***** WORKING DATA *****

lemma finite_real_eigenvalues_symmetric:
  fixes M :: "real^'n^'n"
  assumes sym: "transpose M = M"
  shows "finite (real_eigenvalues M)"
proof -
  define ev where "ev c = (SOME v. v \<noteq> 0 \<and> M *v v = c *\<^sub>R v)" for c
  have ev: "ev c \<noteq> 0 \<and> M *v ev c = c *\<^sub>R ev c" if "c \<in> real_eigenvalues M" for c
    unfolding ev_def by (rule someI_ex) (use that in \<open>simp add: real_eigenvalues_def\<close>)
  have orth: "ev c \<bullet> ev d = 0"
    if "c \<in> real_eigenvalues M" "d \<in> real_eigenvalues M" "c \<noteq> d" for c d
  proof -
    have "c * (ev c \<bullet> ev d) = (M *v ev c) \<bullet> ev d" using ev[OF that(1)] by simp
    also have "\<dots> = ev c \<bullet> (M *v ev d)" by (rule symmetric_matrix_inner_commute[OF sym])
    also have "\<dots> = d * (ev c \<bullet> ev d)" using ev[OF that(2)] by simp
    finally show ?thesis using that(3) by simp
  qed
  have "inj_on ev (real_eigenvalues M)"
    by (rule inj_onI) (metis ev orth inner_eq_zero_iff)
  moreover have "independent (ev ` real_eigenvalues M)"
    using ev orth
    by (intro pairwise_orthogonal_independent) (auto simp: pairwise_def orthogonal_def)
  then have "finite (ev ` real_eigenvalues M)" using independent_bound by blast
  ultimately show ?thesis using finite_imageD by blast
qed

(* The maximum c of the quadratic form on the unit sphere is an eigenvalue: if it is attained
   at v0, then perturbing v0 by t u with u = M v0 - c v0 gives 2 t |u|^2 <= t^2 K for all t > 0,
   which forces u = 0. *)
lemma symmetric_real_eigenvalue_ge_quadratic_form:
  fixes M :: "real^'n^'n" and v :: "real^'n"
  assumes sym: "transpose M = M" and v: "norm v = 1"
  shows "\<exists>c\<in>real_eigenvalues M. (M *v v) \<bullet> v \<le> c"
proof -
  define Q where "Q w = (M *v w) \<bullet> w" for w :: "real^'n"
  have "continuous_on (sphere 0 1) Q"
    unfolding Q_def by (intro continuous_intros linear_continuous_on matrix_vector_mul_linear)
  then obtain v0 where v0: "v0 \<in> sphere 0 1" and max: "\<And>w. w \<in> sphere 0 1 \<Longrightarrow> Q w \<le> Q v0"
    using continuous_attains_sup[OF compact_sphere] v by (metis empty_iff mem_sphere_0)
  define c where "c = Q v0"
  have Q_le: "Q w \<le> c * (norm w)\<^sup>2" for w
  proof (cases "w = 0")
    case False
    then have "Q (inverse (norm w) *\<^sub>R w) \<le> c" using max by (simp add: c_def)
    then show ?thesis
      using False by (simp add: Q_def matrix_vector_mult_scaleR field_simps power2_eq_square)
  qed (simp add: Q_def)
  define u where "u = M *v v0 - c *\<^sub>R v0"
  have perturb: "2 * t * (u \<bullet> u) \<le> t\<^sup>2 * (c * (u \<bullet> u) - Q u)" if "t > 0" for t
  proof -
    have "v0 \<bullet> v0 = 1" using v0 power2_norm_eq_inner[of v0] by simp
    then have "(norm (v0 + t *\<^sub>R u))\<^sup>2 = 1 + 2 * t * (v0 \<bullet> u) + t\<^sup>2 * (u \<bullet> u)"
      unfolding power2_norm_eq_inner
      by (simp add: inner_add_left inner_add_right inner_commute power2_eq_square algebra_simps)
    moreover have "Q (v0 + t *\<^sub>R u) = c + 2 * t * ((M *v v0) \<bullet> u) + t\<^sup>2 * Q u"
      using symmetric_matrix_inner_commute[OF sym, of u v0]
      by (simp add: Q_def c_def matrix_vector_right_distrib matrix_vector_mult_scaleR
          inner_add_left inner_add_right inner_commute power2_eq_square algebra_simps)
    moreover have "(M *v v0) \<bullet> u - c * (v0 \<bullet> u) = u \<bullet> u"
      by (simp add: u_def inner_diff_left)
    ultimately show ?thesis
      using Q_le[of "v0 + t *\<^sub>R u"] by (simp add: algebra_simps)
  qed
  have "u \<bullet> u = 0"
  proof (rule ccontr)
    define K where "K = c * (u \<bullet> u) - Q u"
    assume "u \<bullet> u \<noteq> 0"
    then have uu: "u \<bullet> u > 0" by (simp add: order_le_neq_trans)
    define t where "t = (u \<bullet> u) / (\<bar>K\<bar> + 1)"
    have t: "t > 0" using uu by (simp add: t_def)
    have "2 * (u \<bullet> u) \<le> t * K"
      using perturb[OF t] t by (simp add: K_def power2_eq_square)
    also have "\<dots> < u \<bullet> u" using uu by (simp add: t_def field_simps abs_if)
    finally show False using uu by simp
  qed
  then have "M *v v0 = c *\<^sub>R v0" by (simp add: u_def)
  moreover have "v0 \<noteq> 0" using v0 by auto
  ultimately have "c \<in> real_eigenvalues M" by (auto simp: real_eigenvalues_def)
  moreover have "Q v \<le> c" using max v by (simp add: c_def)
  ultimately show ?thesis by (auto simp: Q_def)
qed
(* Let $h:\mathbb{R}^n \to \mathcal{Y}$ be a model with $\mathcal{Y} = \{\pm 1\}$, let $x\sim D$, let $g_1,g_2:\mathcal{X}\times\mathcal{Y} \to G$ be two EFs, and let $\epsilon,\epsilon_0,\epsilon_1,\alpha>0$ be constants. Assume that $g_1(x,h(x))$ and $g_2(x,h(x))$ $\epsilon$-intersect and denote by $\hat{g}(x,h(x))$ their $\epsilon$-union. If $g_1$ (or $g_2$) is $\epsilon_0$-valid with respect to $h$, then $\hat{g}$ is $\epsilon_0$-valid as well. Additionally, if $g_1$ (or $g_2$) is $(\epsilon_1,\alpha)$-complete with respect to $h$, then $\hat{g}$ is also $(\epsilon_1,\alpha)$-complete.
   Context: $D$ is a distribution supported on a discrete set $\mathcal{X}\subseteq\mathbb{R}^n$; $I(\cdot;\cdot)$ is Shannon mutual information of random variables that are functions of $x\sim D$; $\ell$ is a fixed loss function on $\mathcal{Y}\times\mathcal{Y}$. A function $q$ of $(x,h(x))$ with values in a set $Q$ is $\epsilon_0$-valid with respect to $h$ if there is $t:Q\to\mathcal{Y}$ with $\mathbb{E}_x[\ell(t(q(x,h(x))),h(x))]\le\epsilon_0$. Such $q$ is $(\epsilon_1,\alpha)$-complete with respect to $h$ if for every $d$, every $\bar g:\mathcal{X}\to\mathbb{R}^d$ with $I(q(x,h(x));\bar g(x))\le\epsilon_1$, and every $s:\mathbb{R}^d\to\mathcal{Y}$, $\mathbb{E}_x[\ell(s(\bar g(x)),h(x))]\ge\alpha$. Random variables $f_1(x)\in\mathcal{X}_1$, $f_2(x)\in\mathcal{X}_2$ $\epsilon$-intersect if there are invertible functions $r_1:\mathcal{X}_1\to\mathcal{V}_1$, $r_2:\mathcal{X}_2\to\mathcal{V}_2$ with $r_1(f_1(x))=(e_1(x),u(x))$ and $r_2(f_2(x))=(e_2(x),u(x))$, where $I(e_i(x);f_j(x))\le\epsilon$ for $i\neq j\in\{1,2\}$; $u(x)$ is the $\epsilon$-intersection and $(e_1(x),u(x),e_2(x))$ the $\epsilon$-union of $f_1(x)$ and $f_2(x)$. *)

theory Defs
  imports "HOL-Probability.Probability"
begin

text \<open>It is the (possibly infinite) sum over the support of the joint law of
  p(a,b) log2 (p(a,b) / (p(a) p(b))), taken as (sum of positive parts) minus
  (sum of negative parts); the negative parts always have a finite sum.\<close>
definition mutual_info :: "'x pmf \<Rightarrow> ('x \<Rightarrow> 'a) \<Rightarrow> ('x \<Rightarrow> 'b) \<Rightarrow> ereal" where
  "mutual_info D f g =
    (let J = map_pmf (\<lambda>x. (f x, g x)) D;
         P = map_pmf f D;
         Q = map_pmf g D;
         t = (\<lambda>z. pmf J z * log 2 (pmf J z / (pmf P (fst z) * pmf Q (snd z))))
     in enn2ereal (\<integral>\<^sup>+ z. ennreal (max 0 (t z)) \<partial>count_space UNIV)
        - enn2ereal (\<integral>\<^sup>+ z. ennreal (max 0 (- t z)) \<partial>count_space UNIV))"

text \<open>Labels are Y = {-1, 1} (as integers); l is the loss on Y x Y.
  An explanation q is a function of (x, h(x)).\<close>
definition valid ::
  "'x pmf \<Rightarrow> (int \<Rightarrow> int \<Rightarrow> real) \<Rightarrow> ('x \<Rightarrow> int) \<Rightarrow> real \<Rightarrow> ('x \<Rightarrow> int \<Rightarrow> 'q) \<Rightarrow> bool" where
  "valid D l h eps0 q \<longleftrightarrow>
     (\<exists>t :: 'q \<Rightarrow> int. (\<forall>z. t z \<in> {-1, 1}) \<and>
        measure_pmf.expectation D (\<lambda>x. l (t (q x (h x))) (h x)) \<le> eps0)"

*****
***** WORKING DATA *****

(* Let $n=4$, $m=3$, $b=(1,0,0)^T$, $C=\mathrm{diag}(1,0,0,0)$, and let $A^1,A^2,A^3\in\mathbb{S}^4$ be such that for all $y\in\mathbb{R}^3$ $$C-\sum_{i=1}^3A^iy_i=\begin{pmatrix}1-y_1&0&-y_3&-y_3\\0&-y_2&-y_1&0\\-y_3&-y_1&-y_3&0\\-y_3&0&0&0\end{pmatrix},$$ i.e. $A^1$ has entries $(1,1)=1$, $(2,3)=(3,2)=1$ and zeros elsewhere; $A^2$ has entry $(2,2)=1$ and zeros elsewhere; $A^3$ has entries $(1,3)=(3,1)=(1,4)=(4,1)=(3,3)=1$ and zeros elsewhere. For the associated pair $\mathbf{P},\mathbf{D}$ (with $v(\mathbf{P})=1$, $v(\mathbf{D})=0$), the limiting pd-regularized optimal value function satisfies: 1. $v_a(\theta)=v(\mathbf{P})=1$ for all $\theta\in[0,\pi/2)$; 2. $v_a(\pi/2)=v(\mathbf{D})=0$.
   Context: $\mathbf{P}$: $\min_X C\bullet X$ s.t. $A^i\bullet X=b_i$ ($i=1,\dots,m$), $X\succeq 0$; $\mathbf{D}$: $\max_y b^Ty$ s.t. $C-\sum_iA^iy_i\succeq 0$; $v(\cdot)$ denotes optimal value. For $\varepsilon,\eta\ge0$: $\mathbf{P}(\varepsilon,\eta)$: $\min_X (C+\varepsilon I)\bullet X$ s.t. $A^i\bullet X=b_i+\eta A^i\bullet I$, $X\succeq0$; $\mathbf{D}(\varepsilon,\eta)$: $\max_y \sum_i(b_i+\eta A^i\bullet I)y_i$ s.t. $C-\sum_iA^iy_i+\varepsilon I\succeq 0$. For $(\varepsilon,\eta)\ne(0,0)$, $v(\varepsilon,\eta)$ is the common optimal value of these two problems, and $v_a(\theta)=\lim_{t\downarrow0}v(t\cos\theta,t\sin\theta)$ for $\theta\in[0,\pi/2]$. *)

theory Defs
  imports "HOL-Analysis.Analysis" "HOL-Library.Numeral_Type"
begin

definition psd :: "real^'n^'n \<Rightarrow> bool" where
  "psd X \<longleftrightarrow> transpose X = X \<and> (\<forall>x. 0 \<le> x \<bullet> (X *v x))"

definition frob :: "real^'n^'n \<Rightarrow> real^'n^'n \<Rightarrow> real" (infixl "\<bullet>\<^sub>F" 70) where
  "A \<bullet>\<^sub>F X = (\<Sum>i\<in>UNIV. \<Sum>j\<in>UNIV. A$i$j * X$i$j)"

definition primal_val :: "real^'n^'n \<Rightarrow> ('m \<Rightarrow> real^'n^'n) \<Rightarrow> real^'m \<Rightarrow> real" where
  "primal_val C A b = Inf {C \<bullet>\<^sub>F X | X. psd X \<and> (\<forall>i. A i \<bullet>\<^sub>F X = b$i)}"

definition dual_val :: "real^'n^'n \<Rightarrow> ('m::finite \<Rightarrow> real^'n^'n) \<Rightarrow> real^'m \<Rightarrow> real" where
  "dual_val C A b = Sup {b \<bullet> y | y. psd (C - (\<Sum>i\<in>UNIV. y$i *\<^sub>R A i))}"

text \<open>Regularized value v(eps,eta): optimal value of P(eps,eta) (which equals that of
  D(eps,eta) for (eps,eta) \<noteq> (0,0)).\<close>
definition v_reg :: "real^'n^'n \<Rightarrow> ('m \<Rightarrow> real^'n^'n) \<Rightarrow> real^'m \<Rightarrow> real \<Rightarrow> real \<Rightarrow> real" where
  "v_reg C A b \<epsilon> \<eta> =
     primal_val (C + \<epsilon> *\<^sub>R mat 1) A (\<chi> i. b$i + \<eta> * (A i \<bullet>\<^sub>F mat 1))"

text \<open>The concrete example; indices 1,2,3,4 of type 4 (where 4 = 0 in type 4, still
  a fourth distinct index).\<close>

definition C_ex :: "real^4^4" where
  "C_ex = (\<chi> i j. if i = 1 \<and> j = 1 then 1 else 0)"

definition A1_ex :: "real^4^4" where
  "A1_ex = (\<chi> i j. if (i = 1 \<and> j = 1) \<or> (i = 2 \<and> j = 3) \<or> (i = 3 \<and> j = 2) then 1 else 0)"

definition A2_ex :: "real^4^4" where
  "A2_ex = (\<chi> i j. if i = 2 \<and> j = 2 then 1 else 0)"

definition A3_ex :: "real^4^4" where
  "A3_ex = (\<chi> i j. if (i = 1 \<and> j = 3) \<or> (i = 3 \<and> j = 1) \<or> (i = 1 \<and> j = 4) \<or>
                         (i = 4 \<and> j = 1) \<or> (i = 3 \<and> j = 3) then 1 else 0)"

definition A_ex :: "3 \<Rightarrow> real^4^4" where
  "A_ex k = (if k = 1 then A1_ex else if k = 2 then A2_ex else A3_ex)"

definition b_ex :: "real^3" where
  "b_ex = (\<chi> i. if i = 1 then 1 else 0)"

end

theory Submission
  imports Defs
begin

*****

Take the stretch of lines above from the one containing "using symmetric_matrix_inner_commute[OF sym, of" through the one containing "using v0 by auto" and repeat it exactly, adding no other line.

      using symmetric_matrix_inner_commute[OF sym, of u v0]
      by (simp add: Q_def c_def matrix_vector_right_distrib matrix_vector_mult_scaleR
          inner_add_left inner_add_right inner_commute power2_eq_square algebra_simps)
    moreover have "(M *v v0) \<bullet> u - c * (v0 \<bullet> u) = u \<bullet> u"
      by (simp add: u_def inner_diff_left)
    ultimately show ?thesis
      using Q_le[of "v0 + t *\<^sub>R u"] by (simp add: algebra_simps)
  qed
  have "u \<bullet> u = 0"
  proof (rule ccontr)
    define K where "K = c * (u \<bullet> u) - Q u"
    assume "u \<bullet> u \<noteq> 0"
    then have uu: "u \<bullet> u > 0" by (simp add: order_le_neq_trans)
    define t where "t = (u \<bullet> u) / (\<bar>K\<bar> + 1)"
    have t: "t > 0" using uu by (simp add: t_def)
    have "2 * (u \<bullet> u) \<le> t * K"
      using perturb[OF t] t by (simp add: K_def power2_eq_square)
    also have "\<dots> < u \<bullet> u" using uu by (simp add: t_def field_simps abs_if)
    finally show False using uu by simp
  qed
  then have "M *v v0 = c *\<^sub>R v0" by (simp add: u_def)
  moreover have "v0 \<noteq> 0" using v0 by auto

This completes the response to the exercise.